Judus Lewis Caudle’s new year did not turn out as he anticipated. In fact, it lasted only a few hours; he was dead before the sun rose on New Year’s Day, because he was prepared to attack a fellow human being with a crowbar rather than to abandon his crime in progress and simply run away.

Julie’s New Year’s Day was not what she anticipated, either, but she will now be able to spend quite a number of years of the new millenium with her husband, knowing her daughters as adults, finishing raising her son, and being grandmother (and self-defense role model) to her nine grandchildren.

She is very definite. “After thinking about it over and over and over again, I don’t think there is anything else I could have done. I’m very glad I lived through that.”

Frank also helped her understand that she had done the right thing, and that all 14 people in her family needed her and depended on her to stay alive.

 

Lessons

Those of us who carry for defense need to learn from those who have been there and done that. Julie’s experience has some important points for us all.

1. Be equipped. Even if you are with someone who is armed and trained, the two of you might unexpectedly become separated, as Julie and Frank did. Fortunately, in this case, the person who ended up with the gun was the person who needed to have it, but you can’t count on that always being the case.

Being equipped extends not just to guns, but to other emergency equipment, such as cellphones.

2. Be prepared. Regardless of how you are equipped, you must be mentally prepared to be thrown into a sudden, dangerous situation. Julie was, and this enabled her to react instantly.

3. Shot placement is more important than caliber. Many people consider a .32 caliber the minimum for an effective defense gun. A one shot stop with such a gun is quite unusual, but Julie’s center-of-mass hit was perfect.
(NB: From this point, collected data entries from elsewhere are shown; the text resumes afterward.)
lemma card_edges_eq_sum_card_ch:
  assumes "digraph V D"
  shows "card D = (\<Sum>k\<in>V. card (ch D k))"
proof -
  have "D = (SIGMA k:V. ch D k)" using assms by (auto simp: digraph_def ch_def)
  then have "card D = card (SIGMA k:V. ch D k)" by (rule arg_cong)
  moreover have "finite (ch D k)" for k
    using finite_imageI[OF digraph_finite_edges[OF assms], of snd]
    by (rule finite_subset[rotated]) (force simp: ch_def)
  ultimately show ?thesis using assms by (simp add: card_SigmaI digraph_def)
qed

lemma exists_less_if_sum_eq:
  fixes f g :: "'a \<Rightarrow> nat"
  assumes "finite A" "(\<Sum>a\<in>A. f a) = (\<Sum>a\<in>A. g a)" "i \<in> A" "f i \<noteq> g i"
  shows "\<exists>a\<in>A. f a < g a"
proof (rule ccontr)
  assume "\<not> ?thesis"
  then have "\<forall>a\<in>A. g a \<le> f a" "g i < f i" using assms(3,4) by (auto simp: not_less)
  then have "(\<Sum>a\<in>A. g a) < (\<Sum>a\<in>A. f a)" using sum_strict_mono_ex1[OF assms(1)] assms(3) by blast
  with assms(2) show False by simp
qed

theorem theorem4p5:
  fixes V :: "'v::linorder set" and D1 D2 :: "('v \<times> 'v) set"
  assumes "simple_digraph V D1" and "simple_digraph V D2"
    and "\<not> complete_digraph V D1 \<or> \<not> complete_digraph V D2"
    and "\<exists>i\<in>V. card (ch D1 i) \<noteq> card (ch D2 i)"
  shows "jacobian_matroid V D1 \<noteq> jacobian_matroid V D2"
proof
  assume "jacobian_matroid V D1 = jacobian_matroid V D2"
  then have indep: "jac_indep V D1 C \<longleftrightarrow> jac_indep V D2 C" if "C \<subseteq> cols V" for C
    using that unfolding jacobian_matroid_def by blast
  obtain i where i: "i \<in> V" "card (ch D1 i) \<noteq> card (ch D2 i)" using assms(4) by blast
  have dg: "digraph V D1" "digraph V D2" using assms(1,2) by (simp_all add: simple_digraph_def)
  have "card D1 = card D2" using card_edges_eq_if_jac_indep_eq[OF assms(1,2) i(1) indep] .
  then have sums: "(\<Sum>k\<in>V. card (ch D1 k)) = (\<Sum>k\<in>V. card (ch D2 k))"
    using card_edges_eq_sum_card_ch[OF dg(1)] card_edges_eq_sum_card_ch[OF dg(2)] by simp
  obtain k1 where k1: "k1 \<in> V" "card (ch D2 k1) < card (ch D1 k1)"
    using exists_less_if_sum_eq[OF _ sums[symmetric] i(1)] i(2) dg(1) by (auto simp: digraph_def)
  obtain k2 where k2: "k2 \<in> V" "card (ch D1 k2) < card (ch D2 k2)"
    using exists_less_if_sum_eq[OF _ sums i] dg(1) by (auto simp: digraph_def)
  note card_ch_eq = card_ch_eq_if_jac_indep_eq[OF assms(1,2) _ indep \<open>card D1 = card D2\<close>]
  show False
  proof (cases "complete_digraph V D2")
    case False
    then show False using card_ch_eq[OF k1(1)] k1(2) by fastforce
  next
    case True
    then show False using card_ch_eq[OF k2(1)] k2(2) assms(3) by fastforce
  qed
qed

end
4. If you are going to do something dangerous, do it in the safest possible way. Going into the building instead of going away to find a phone and report the break-in was a dangerous thing to do. Julie acknowledges this. “I know, because I’ve taught crime prevention. The theory is, you are supposed to go somewhere else and call the police.”

But it is extremely hard to follow that advice when it is your stuff that is gone, and Julie experienced that, unconsciously convincing herself that the theft had occurred days before. So, although she made a dangerous choice, she carried it out in the safest possible way: slowly, gun in hand, senses alert. If, instead, she had rushed in, perhaps forgetting the gun in the truck, or running toward the office to see the damage, she would likely have died in that hallway.
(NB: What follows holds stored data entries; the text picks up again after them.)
lemma Wup_Or_subset_Wup_orb:
  fixes \<Phi> :: "'n::finite state \<Rightarrow> 'n state"
  assumes "\<rho> \<in> Pn"
  shows "Wup \<Phi> (Or \<Phi> \<rho> \<mu>) \<subseteq> Wup_orb \<Phi> (orbit \<Phi> \<rho> \<mu>)"
proof
  fix \<mu>' assume "\<mu>' \<in> Wup \<Phi> (Or \<Phi> \<rho> \<mu>)"
  then obtain \<rho>' where \<rho>': "\<rho>' \<in> Pn" "omega \<Phi> \<rho>' \<mu>' \<subseteq> Or \<Phi> \<rho> \<mu>" by (auto simp: Wup_def)
  obtain y where "y \<in> omega \<Phi> \<rho>' \<mu>'" using omega_nonempty by blast
  then have "y \<in> Or \<Phi> \<rho>' \<mu>'" and "y \<in> Or \<Phi> \<rho> \<mu>" using \<rho>'(2) omega_subset_Or by blast+
  then have "\<exists>\<rho>''\<in>Pn. \<exists>c. \<forall>\<tau>\<ge>c. orbit \<Phi> \<rho>'' \<mu>' \<tau> = orbit \<Phi> \<rho> \<mu> \<tau>"
    by (rule orbit_splice_eventually[OF assms \<rho>'(1)])
  then show "\<mu>' \<in> Wup_orb \<Phi> (orbit \<Phi> \<rho> \<mu>)" by (simp add: Wup_orb_def)
qed

text \<open>Parts (a) and (c) follow from the cycle of inclusions
  Wup_orb \<subseteq> Wup_lim \<subseteq> Wup \<omega> \<subseteq> Wup Or \<subseteq> Wup_orb.\<close>
theorem theorem54:
  fixes \<Phi> :: "('n::finite) state \<Rightarrow> 'n state" and \<mu> :: "'n state" and \<rho> :: "real \<Rightarrow> 'n state"
  assumes "\<rho> \<in> Pn"
  shows "Wup_orb \<Phi> (orbit \<Phi> \<rho> \<mu>) = Wup \<Phi> (Or \<Phi> \<rho> \<mu>)
    \<and> Wdown_orb \<Phi> (orbit \<Phi> \<rho> \<mu>) \<subseteq> Wdown \<Phi> (Or \<Phi> \<rho> \<mu>)
    \<and> Wup_lim \<Phi> (omega \<Phi> \<rho> \<mu>) = Wup \<Phi> (omega \<Phi> \<rho> \<mu>)
    \<and> Wdown_lim \<Phi> (omega \<Phi> \<rho> \<mu>) \<subseteq> Wdown \<Phi> (omega \<Phi> \<rho> \<mu>)"
proof -
  have "Wup_orb \<Phi> (orbit \<Phi> \<rho> \<mu>) \<subseteq> Wup_lim \<Phi> (omega \<Phi> \<rho> \<mu>)"
    and "Wup_lim \<Phi> (omega \<Phi> \<rho> \<mu>) \<subseteq> Wup \<Phi> (omega \<Phi> \<rho> \<mu>)"
    and "Wup \<Phi> (omega \<Phi> \<rho> \<mu>) \<subseteq> Wup \<Phi> (Or \<Phi> \<rho> \<mu>)"
    and "Wup \<Phi> (Or \<Phi> \<rho> \<mu>) \<subseteq> Wup_orb \<Phi> (orbit \<Phi> \<rho> \<mu>)"
    by (rule Wup_orb_subset_Wup_lim Wup_lim_subset_Wup Wup_mono[OF omega_subset_Or]
        Wup_Or_subset_Wup_orb[OF assms])+
  moreover have "Wdown_orb \<Phi> (orbit \<Phi> \<rho> \<mu>) \<subseteq> Wdown \<Phi> (Or \<Phi> \<rho> \<mu>)"
    by (meson order_trans Wdown_orb_subset_Wdown_lim Wdown_lim_subset_Wdown
        Wdown_mono omega_subset_Or)
  ultimately show ?thesis using Wdown_lim_subset_Wdown by blast
qed

end
(* For any NSP expressions $d$ and $e_i$ ($i\in\mathbb{N}$), $\langle\!\langle \mathtt{case}\ d\ \mathtt{of}\ (i\Rightarrow e_i)\rangle\!\rangle = d[i\mapsto e_i]$.
   Context: NSP terms are the possibly infinite syntax trees generated coinductively by: procedures $p::=\lambda x_0\cdots x_{r-1}.e$; expressions $d,e::=\bot\mid n\ (n\in\mathbb{N})\mid \mathtt{case}\ a\ \mathtt{of}\ (i\Rightarrow e_i\mid i\in\mathbb{N})$; applications $a::=x\,q_0\cdots q_{r-1}$ (modulo $\alpha$-equivalence). Meta-terms additionally allow ground forms $P\vec Q$ and $\mathtt{case}\ G\ \mathtt{of}(\ldots)$ with $G$ an arbitrary ground meta-term (including an expression); they reduce by the $\beta$-rule $(\lambda\vec x.E)\vec Q\rightsquigarrow E[\vec x\mapsto\vec Q]$, $\mathtt{case}\ \bot\ \mathtt{of}(\ldots)\rightsquigarrow\bot$, $\mathtt{case}\ n\ \mathtt{of}\ (i\Rightarrow E_i)\rightsquigarrow E_n$, $\mathtt{case}\ (\mathtt{case}\ G\ \mathtt{of}\ (i\Rightarrow E_i))\ \mathtt{of}\ (j\Rightarrow F_j)\rightsquigarrow \mathtt{case}\ G\ \mathtt{of}\ (i\Rightarrow\mathtt{case}\ E_i\ \mathtt{of}\ (j\Rightarrow F_j))$, applied in head position and recursively under $\lambda$, in arguments of $x\vec Q$ and in branches of $\mathtt{case}\ x\vec Q\ \mathtt{of}(\ldots)$; $\langle\!\langle T\rangle\!\rangle$ is the supremum (syntactic order, $\bot$ least) of the finite terms lying below some reduct of $T$. The rightward numeral leaves of a term are defined inductively: $n$ is one in itself; those of $e$ are ones of $\lambda\vec x.e$; those of each $e_i$ are ones of $\mathtt{case}\ a\ \mathtt{of}\ (i\Rightarrow e_i)$. For a term $t$ and expressions $e_i$, $t[i\mapsto e_i]$ denotes the result of replacing each rightward numeral leaf occurrence $i$ in $t$ by $e_i$. *)

theory Defs
  imports Main
begin

text \<open>Variables are de Bruijn indices (so terms are identified modulo alpha).
  A procedure \<open>MLam r E\<close> binds r variables x_0 .. x_{r-1}; inside E the
  variable x_j is index j, and a variable referring to an enclosing binder
  is shifted by r.  Ground meta-terms: bottom, numerals, case, applications
  \<open>x Q_0 .. Q_{r-1}\<close> with variable head, and meta-applications \<open>P Q\<close>.\<close>

codatatype mproc = MLam nat mexp
  and mexp = MBot | MNum nat | MCase mexp "nat \<Rightarrow> mexp"
           | MVApp nat "mproc list" | MApp mproc "mproc list"

coinductive nsp_p :: "mproc \<Rightarrow> bool" and nsp_e :: "mexp \<Rightarrow> bool" where
  "nsp_e E \<Longrightarrow> nsp_p (MLam r E)"
| "nsp_e MBot"
| "nsp_e (MNum n)"
| "(\<forall>q\<in>set qs. nsp_p q) \<Longrightarrow> (\<forall>i. nsp_e (es i)) \<Longrightarrow> nsp_e (MCase (MVApp x qs) es)"

inductive fin_p :: "mproc \<Rightarrow> bool" and fin_e :: "mexp \<Rightarrow> bool" where
  "fin_e E \<Longrightarrow> fin_p (MLam r E)"
| "fin_e MBot"
| "fin_e (MNum n)"
| "(\<forall>q\<in>set qs. fin_p q) \<Longrightarrow> (\<forall>i. fin_e (es i)) \<Longrightarrow> finite {i. es i \<noteq> MBot}
    \<Longrightarrow> fin_e (MCase (MVApp x qs) es)"

coinductive le_p :: "mproc \<Rightarrow> mproc \<Rightarrow> bool" and le_e :: "mexp \<Rightarrow> mexp \<Rightarrow> bool" where
  "le_e E E' \<Longrightarrow> le_p (MLam r E) (MLam r E')"
| "le_e MBot X"
| "le_e (MNum n) (MNum n)"
| "le_e G G' \<Longrightarrow> (\<forall>i. le_e (es i) (es' i)) \<Longrightarrow> le_e (MCase G es) (MCase G' es')"
| "list_all2 le_p qs qs' \<Longrightarrow> le_e (MVApp x qs) (MVApp x qs')"
| "le_p P P' \<Longrightarrow> list_all2 le_p qs qs' \<Longrightarrow> le_e (MApp P qs) (MApp P' qs')"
I asked Julie what she would have done if she had had her cellphone with her. “I would have used my cellphone first, to call my husband” she says, and then adds, regretfully but very honestly, “but I probably would have gone in anyway.”
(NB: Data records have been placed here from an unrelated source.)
lemma integral_circle_sgn_cos_mult_cos:
  "(\<integral>x. sgn (cos (x - \<phi>)) * cos (x - \<theta>) \<partial>circle) = 2 * cos (\<phi> - \<theta>) / pi"
proof -
  define g where "g u = sgn (cos u) * cos (u + (\<phi> - \<theta>))" for u
  have "(\<integral>x. sgn (cos (x - \<phi>)) * cos (x - \<theta>) \<partial>circle) = (\<integral>x. g (x + - \<phi>) \<partial>circle)"
    by (simp add: g_def)
  also have "\<dots> = integral\<^sup>L circle g"
  proof (rule integral_circle_translate[where B=1])
    show "\<bar>g x\<bar> \<le> 1" for x
      by (simp add: g_def abs_mult abs_sgn_eq)
    show "g (x + 2*pi) = g x" for x
      using cos_periodic[of "x + (\<phi> - \<theta>)"] by (simp add: g_def add_ac)
  qed (simp add: g_def)
  also have "\<dots> = (LBINT u=-pi..pi. g u) / (2*pi)"
    by (rule integral_circle) (unfold g_def[abs_def], measurable)
  also have "\<dots> = 2 * cos (\<phi> - \<theta>) / pi"
    using interval_integral_sgn_cos_mult_cos[of "\<phi> - \<theta>"] by (simp add: g_def)
  finally show ?thesis .
qed

lemma integral_circle_response_product:
  "(\<integral>t. (1 + a * sgn (cos (t - \<phi>))) / 2 * (p + q * \<bar>cos (t - \<theta>)\<bar> + r * cos (t - \<theta>)) \<partial>circle)
     = (p + 2 / pi * (q + a * r * cos (\<phi> - \<theta>))) / 2"
proof -
  let ?S = "\<lambda>t. sgn (cos (t - \<phi>))" and ?C = "\<lambda>t. cos (t - \<theta>)"
  have abs_cos: "\<bar>?C t\<bar> = sgn (cos (t - \<theta>)) * ?C t" for t
    by (simp add: abs_sgn)
  have S: "integral\<^sup>L circle ?S = 0"
    by (rule integral_circle_antiperiodic[where B=1]) (auto simp: abs_sgn_eq cos_add_pi_diff sgn_minus)
  have C: "integral\<^sup>L circle ?C = 0"
    by (rule integral_circle_antiperiodic[where B=1]) (auto simp: cos_add_pi_diff)
  have S_abs_C: "(\<integral>t. ?S t * \<bar>?C t\<bar> \<partial>circle) = 0"
    by (rule integral_circle_antiperiodic[where B=1]) (auto simp: abs_mult abs_sgn_eq cos_add_pi_diff sgn_minus)
  have abs_C: "(\<integral>t. \<bar>?C t\<bar> \<partial>circle) = 2 / pi"
    using integral_circle_sgn_cos_mult_cos[of \<theta> \<theta>] by (simp add: abs_cos)
  have S_C: "(\<integral>t. ?S t * ?C t \<partial>circle) = 2 * cos (\<phi> - \<theta>) / pi"
    by (rule integral_circle_sgn_cos_mult_cos)
  have integrable: "integrable circle ?S" "integrable circle ?C" "integrable circle (\<lambda>t. \<bar>?C t\<bar>)"
    "integrable circle (\<lambda>t. ?S t * \<bar>?C t\<bar>)" "integrable circle (\<lambda>t. ?S t * ?C t)"
    by (auto intro!: integrable_circle[where B=1] simp: abs_mult abs_sgn_eq)
  interpret prob_space circle
    by (rule prob_space_circle)
  have "(\<integral>t. (1 + a * ?S t) / 2 * (p + q * \<bar>?C t\<bar> + r * ?C t) \<partial>circle)
      = (\<integral>t. p / 2 + q / 2 * \<bar>?C t\<bar> + r / 2 * ?C t + a * p / 2 * ?S t
          + a * q / 2 * (?S t * \<bar>?C t\<bar>) + a * r / 2 * (?S t * ?C t) \<partial>circle)"
    by (simp add: field_simps)
  also have "\<dots> = p / 2 + q / 2 * (2 / pi) + a * r / 2 * (2 * cos (\<phi> - \<theta>) / pi)"
    by (simp add: integrable S C S_abs_C abs_C S_C prob_space)
  also have "\<dots> = (p + 2 / pi * (q + a * r * cos (\<phi> - \<theta>))) / 2"
    by (simp add: field_simps)
  finally show ?thesis .
qed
Perhaps you think you would have done that differently, but perhaps not. We all sometimes make choices based on reasons other than maximum safety. But remember, when you find yourself consciously deciding to do something that you know is dangerous, whether it is skydiving or race driving, or going into a crime scene alone, that is precisely the time when it is most important to take every possible precaution. That’s what Mas Ayoob of Lethal Force Institute calls doing something dangerous in the safest possible way.

5. Be trained. Julie’s police training undoubtedly contributed to her ability to stay alive that night, but it had been many years since she carried a badge. She maintained her skills by shooting regularly at public ranges.

 

Conclusions

I asked Julie what she wanted people who read about her experience to learn from it.

“Tell your readers that if they own handguns, please, know how to use them. And don’t be afraid to use them. In a life-threatening situation, you only have a second to think, or to react.”

“I truly believe in weapons. I believe women need to learn how to operate guns. They need to know how to protect themselves, and not be afraid to protect themselves.”